Chapter 1-3 Flashcards
(126 cards)
1
Q
what is glycogen ? origin, function
A
(1.3) Glycogen is the storage carbohydrate within mammalian muscle and liver.
It’s a large polysaccharide polymer catalyzed by glycogen synthase. (glycogenesis)
2
Q
synthesis of glycogen - how ?
A
(1.3)
by adding individual glucose units to an existing glycogen polymer.
IRREVERSIBLE OVERALL.
requires energy (using 1 ATP and 1 UTP)
1) 1 ATP donates phosphate to glucose.
glucose —-(hexokinase)–> glucose-6-phosphate
2) glucose-6-phosphate glucose-1-phosphate
3) uridyl transferase reacts UTP with glucose 1-phosphate ———> uridine diphosphate (UDP)-glucose
4) UDP-glucose attaches to existing polymer chain with glycogen synthase.
3
Q
how much glycogen does the body store ?
A
(1.4) 80 kg man- 500g carbs. 400g- muscle glycogen 90-110g- liver glycogen (depending on diet) 2-3g blood glucose
(each g = 4 kcal, so 2000 kcal stored as carbs)
4
Q
limits of glycogen storage
A
15g/ kg BM
5
Q
difference between glucogenesis and gluconeogenesis
A
glucogenesis: creating glycogen from glucose
gluconeogenesis: creating glycogen from non-carbs (protein)
6
Q
what happens when you elevate/ decrease blood glucose levels.
A
Elevated [gl] = beta cells of pancreas secrete insulin (feedback regulation) to facilitate glucose uptake & inhibit further insulin secretion
Falling [gl] = alpha cells secrete glucagon (insulin antagonist), stimulating glycogenolytic & gluconeogenic pathways
7
Q
neural-humoral factors in exercise
A
E, NE, glucagon, decrease insulin release. Activates glycogen phosphorylase to facilitate glycogenolysis in liver and muscles.
8
Q
homeostatic norms for plasma glucose
A
80-100 mg/dL blood
4-5 mmol/L
9
Q
hypocaloric state
A
[gl] may decrease. but may not- there are other sources that may produce glucose (like protein)

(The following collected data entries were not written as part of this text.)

lemma hasse_cycle_segment:
  assumes cyc: "hasse_cycle S le xs" and n: "3 \<le> n" "i + n \<le> length xs"
    and T: "T \<subseteq> S" "set (take n (drop i xs)) \<subseteq> T"
    and closing: "hasse_adj T le (xs ! (i + n - 1)) (xs ! i)"
  shows "hasse_cycle T le (take n (drop i xs))"
proof -
  let ?ys = "take n (drop i xs)"
  have len: "length ?ys = n" using n by simp
  have nth: "?ys ! k = xs ! (i + k)" if "k < n" for k using that n by simp
  have "hasse_adj T le (?ys ! k) (?ys ! ((k + 1) mod n))" if k: "k < n" for k
  proof (cases "k + 1 < n")
    case True
    have "hasse_adj S le (xs ! (i + k)) (xs ! ((i + k + 1) mod length xs))"
      using hasse_cycle_adj[OF cyc, of "i + k"] k n by simp
    moreover have "(i + k + 1) mod length xs = i + (k + 1)" using True n by simp
    ultimately have "hasse_adj S le (?ys ! k) (?ys ! (k + 1))"
      using True nth by simp
    moreover have "?ys ! k \<in> T" "?ys ! (k + 1) \<in> T"
      using T(2) True len by (metis k nth_mem subsetD)+
    ultimately show ?thesis using hasse_adj_subset T(1) True by simp
  next
    case False
    then have "k = n - 1" using k by simp
    then show ?thesis using closing nth n by simp
  qed
  moreover have "distinct ?ys" using cyc unfolding hasse_cycle_def by simp
  ultimately show ?thesis using len n T unfolding hasse_cycle_def by auto
qed

lemma hasse_cycle_length_ge_4:
  assumes "poset_on S le" "hasse_cycle S le xs"
  shows "4 \<le> length xs"
proof (rule ccontr)
  assume "\<not> 4 \<le> length xs"
  with assms(2) have "length xs = 3" unfolding hasse_cycle_def by simp
  then obtain a b c where xs: "xs = [a, b, c]"
    by (auto simp: numeral_3_eq_3 length_Suc_conv)
  have "\<forall>i<3. hasse_adj S le ([a, b, c] ! i) ([a, b, c] ! ((i + 1) mod 3))"
    using assms(2) unfolding hasse_cycle_def xs by simp
  then have "hasse_adj S le a b" "hasse_adj S le b c" "hasse_adj S le c a"
    by (auto dest: spec[of _ 0] spec[of _ 1] spec[of _ 2])
  \<comment> \<open>every orientation of a triangle contains a directed path of length two\<close>
  then show False
    using covers_covers_not_hasse_adj[OF assms(1)] unfolding hasse_adj_def by blast
qed

lemma hasse_cycle_rotate:
  assumes "hasse_cycle S le xs"
  shows "hasse_cycle S le (rotate n xs)"
proof -
  let ?m = "length xs"
  have "hasse_adj S le (rotate n xs ! i) (rotate n xs ! ((i + 1) mod ?m))" if i: "i < ?m" for i
  proof -
    have m: "0 < ?m" using i by linarith
    have "rotate n xs ! ((i + 1) mod ?m) = xs ! ((n + (i + 1) mod ?m) mod ?m)"
      using m by (intro nth_rotate) simp
    also have "(n + (i + 1) mod ?m) mod ?m = ((n + i) mod ?m + 1) mod ?m"
      by (metis add.assoc mod_add_left_eq mod_add_right_eq)
    finally have "rotate n xs ! ((i + 1) mod ?m) = xs ! (((n + i) mod ?m + 1) mod ?m)" .
    moreover have "rotate n xs ! i = xs ! ((n + i) mod ?m)" using i by (rule nth_rotate)
    moreover have "(n + i) mod ?m < ?m" using m by simp
    ultimately show ?thesis using assms unfolding hasse_cycle_def by simp
  qed
  then show ?thesis using assms unfolding hasse_cycle_def by simp
qed

lemma hasse_cycle_rotate_to_head:
  assumes "hasse_cycle S le xs" "x \<in> set xs"
  obtains ys where "hasse_cycle S le (x # ys)"
proof -
  obtain i where i: "i < length xs" "xs ! i = x" using assms(2) by (auto simp: in_set_conv_nth)
  then have "hd (rotate i xs) = x" by (subst hd_rotate_conv_nth) auto
  moreover have "rotate i xs \<noteq> []" using i by auto
  ultimately have "rotate i xs = x # tl (rotate i xs)" by (metis list.collapse)
  then show ?thesis using that hasse_cycle_rotate[OF assms(1)] by metis
qed

lemma exists_upper_cover:
  assumes fin: "finite S" and po: "poset_on S le"
  shows "x \<in> S \<Longrightarrow> z \<in> S \<Longrightarrow> le x z \<Longrightarrow> x \<noteq> z \<Longrightarrow> \<exists>w\<in>S. covers S le x w \<and> le w z"
proof (induction "card {u\<in>S. le x u \<and> le u z \<and> u \<noteq> x}" arbitrary: z rule: less_induct)
  case (less z)
  show ?case
  proof (cases "covers S le x z")
    case True
    then show ?thesis using less.prems poset_on_refl[OF po] by blast
  next
    case False
    then obtain u where u: "u \<in> S" "le x u" "le u z" "u \<noteq> x" "u \<noteq> z"
      using less.prems unfolding covers_def by blast
    let ?below = "\<lambda>z. {v\<in>S. le x v \<and> le v z \<and> v \<noteq> x}"
    have "?below u \<subseteq> ?below z"
      using poset_on_trans[OF po _ u(1) less.prems(2)] u(3) by blast
    moreover have "z \<in> ?below z"
      using less.prems poset_on_refl[OF po] by blast
    moreover have "z \<notin> ?below u"
      using poset_on_antisym[OF po u(1) less.prems(2) u(3)] u(5) by blast
    ultimately have "?below u \<subset> ?below z" by blast
    then have "card (?below u) < card (?below z)"
      using fin by (simp add: psubset_card_mono)
    then obtain w where w: "w \<in> S" "covers S le x w" "le w u"
      using less.hyps[OF _ less.prems(1) u(1,2)] u(4) by blast
    moreover have "le w z"
      using poset_on_trans[OF po w(1) u(1) less.prems(2) w(3) u(3)] .
    ultimately show ?thesis by blast
  qed
qed

lemma exists_lower_cover:
  assumes "finite S" "poset_on S le" "x \<in> S" "z \<in> S" "le x z" "x \<noteq> z"
  shows "\<exists>w\<in>S. le x w \<and> covers S le w z"
  using exists_upper_cover[OF assms(1) poset_on_conversep[OF assms(2)], of z x] assms(3-6)
  unfolding covers_conversep conversep_iff by blast

lemma order_iso_sym:
  assumes "order_iso S le T le'"
  shows "order_iso T le' S le"
proof -
  obtain f where f: "bij_betw f S T" "\<forall>x\<in>S. \<forall>y\<in>S. le x y \<longleftrightarrow> le' (f x) (f y)"
    using assms unfolding order_iso_def by blast
  have "le' x y \<longleftrightarrow> le (inv_into S f x) (inv_into S f y)" if "x \<in> T" "y \<in> T" for x y
  proof -
    have "inv_into S f x \<in> S" "inv_into S f y \<in> S"
      using that bij_betw_inv_into[OF f(1)] bij_betw_apply by metis+
    moreover have "f (inv_into S f x) = x" "f (inv_into S f y) = y"
      using that f(1) bij_betw_inv_into_right by metis+
    ultimately show ?thesis using f(2) by metis
  qed
  then show ?thesis
    using bij_betw_inv_into[OF f(1)] unfolding order_iso_def by blast
qed

lemma alternating_parity:
  fixes P :: "nat \<Rightarrow> bool"
  assumes alt: "\<And>i. i < m \<Longrightarrow> P ((i + 1) mod m) \<longleftrightarrow> \<not> P i" and m: "0 < m"
  shows alternating_parity_nth: "i < m \<Longrightarrow> P i \<longleftrightarrow> (P 0 \<longleftrightarrow> even i)"
    and alternating_parity_even: "even m"
proof -
  show parity: "P i \<longleftrightarrow> (P 0 \<longleftrightarrow> even i)" if "i < m" for i
    using that
  proof (induction i)
    case (Suc i)
    then show ?case using alt[of i] by simp
  qed simp
  have "P 0 \<longleftrightarrow> \<not> P (m - 1)" using alt[of "m - 1"] m by simp
  then show "even m" using parity[of "m - 1"] m by (cases m) auto
qed

definition diamond :: "('a \<Rightarrow> 'a \<Rightarrow> bool) \<Rightarrow> 'a \<Rightarrow> 'a \<Rightarrow> 'a \<Rightarrow> 'a \<Rightarrow> bool" where
  "diamond le b x z a \<longleftrightarrow> le b x \<and> le x a \<and> le b z \<and> le z a \<and> \<not> le x z \<and> \<not> le z x"

lemma diamond_distinct:
  assumes po: "poset_on S le" and S: "x \<in> S" "z \<in> S" "a \<in> S" and "diamond le b x z a"
  shows "distinct [b, x, z, a]"
proof -
  have le: "le b x" "le x a" "le b z" "le z a" and nle: "\<not> le x z" "\<not> le z x"
    using assms(5) unfolding diamond_def by blast+
  have "b \<noteq> a" using poset_on_trans[OF po S(1,3,2)] le(2,3) nle(1) by blast
  moreover have "x \<noteq> z" using poset_on_refl[OF po S(1)] nle(1) by blast
  ultimately show ?thesis using le nle by auto
qed

lemma diamond_le_iff:
  assumes po: "poset_on S le" and S: "b \<in> S" "x \<in> S" "z \<in> S" "a \<in> S"
    and dia: "diamond le b x z a" and uv: "u \<in> {b, x, z, a}" "v \<in> {b, x, z, a}"
  shows "le u v \<longleftrightarrow> u = v \<or> u = b \<or> v = a"
proof -
  have le: "le b x" "le x a" "le b z" "le z a" and nle: "\<not> le x z" "\<not> le z x"
    using dia unfolding diamond_def by blast+
  have dist: "distinct [b, x, z, a]" by (rule diamond_distinct[OF po S(2-4) dia])
  have "le b a" using poset_on_trans[OF po S(1,2,4) le(1,2)] .
  moreover have "le u u" using uv(1) S poset_on_refl[OF po] by blast
  moreover have "\<not> le x b" "\<not> le z b" "\<not> le a x" "\<not> le a z" "\<not> le a b"
    using poset_on_antisym[OF po] S le \<open>le b a\<close> dist by auto
  ultimately show ?thesis using uv le nle by auto
qed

in exercise: not enough carbs & other sources, {gl] goes down to hypoglycemic levels (
10
Q
hypoglycemia effects
A
brain relies on glucose- without it it shuts off, CNS & PNS affected by dizziness, nausea, fainting, syncope
11
Q
the relationship between RBC and glucose ?
A
RBC metabolize glucose (lactic-acid is a by-product). NO OTHER TISSUE IS AS EXCLUSIVE TO CARBS
12
Q
what are the 2 main consumers of carbs
A
brains & blood
13
Q
what does the heart consume?
A
lactic acid ( a carb), carbs, fats
14
Q
what does skeletal muscle consume?
A
fat, carbs (glycogen & plasma glucose).
15
Q
feedback regulation of glucose
A
[blood glucose] affects liver glucose output (increase in bl gl inhibits hepatic output)
16
Q
25 % VO2max - what is going on with the carbs ?
A
liver furnishes glycogen. O2 meets energy demand, no especial need for blood glucose
17
Q
high % VO2max- what is going on with carbs ?
A
(fig 1.5) intensity increases, glucose released from liver & glucose uptake increases SHARPLY. Increase in intensity leads to great demand & greater delivery & uptake.
18
Q
what happens if an untrained person goes to a high exercise intensity ?
A
inadequate O2 provided to mitochondria. Pyruvate will only be able to go to lactic acid, since ETC, Krebs etc shuts down.
Highly trained person will produce less lactic acid.
19
Q
relationship between hormonal release and binding & exercise intensity
A
glucagon, NE, E
as exercise intensity increases, hormonal release & binding will increase.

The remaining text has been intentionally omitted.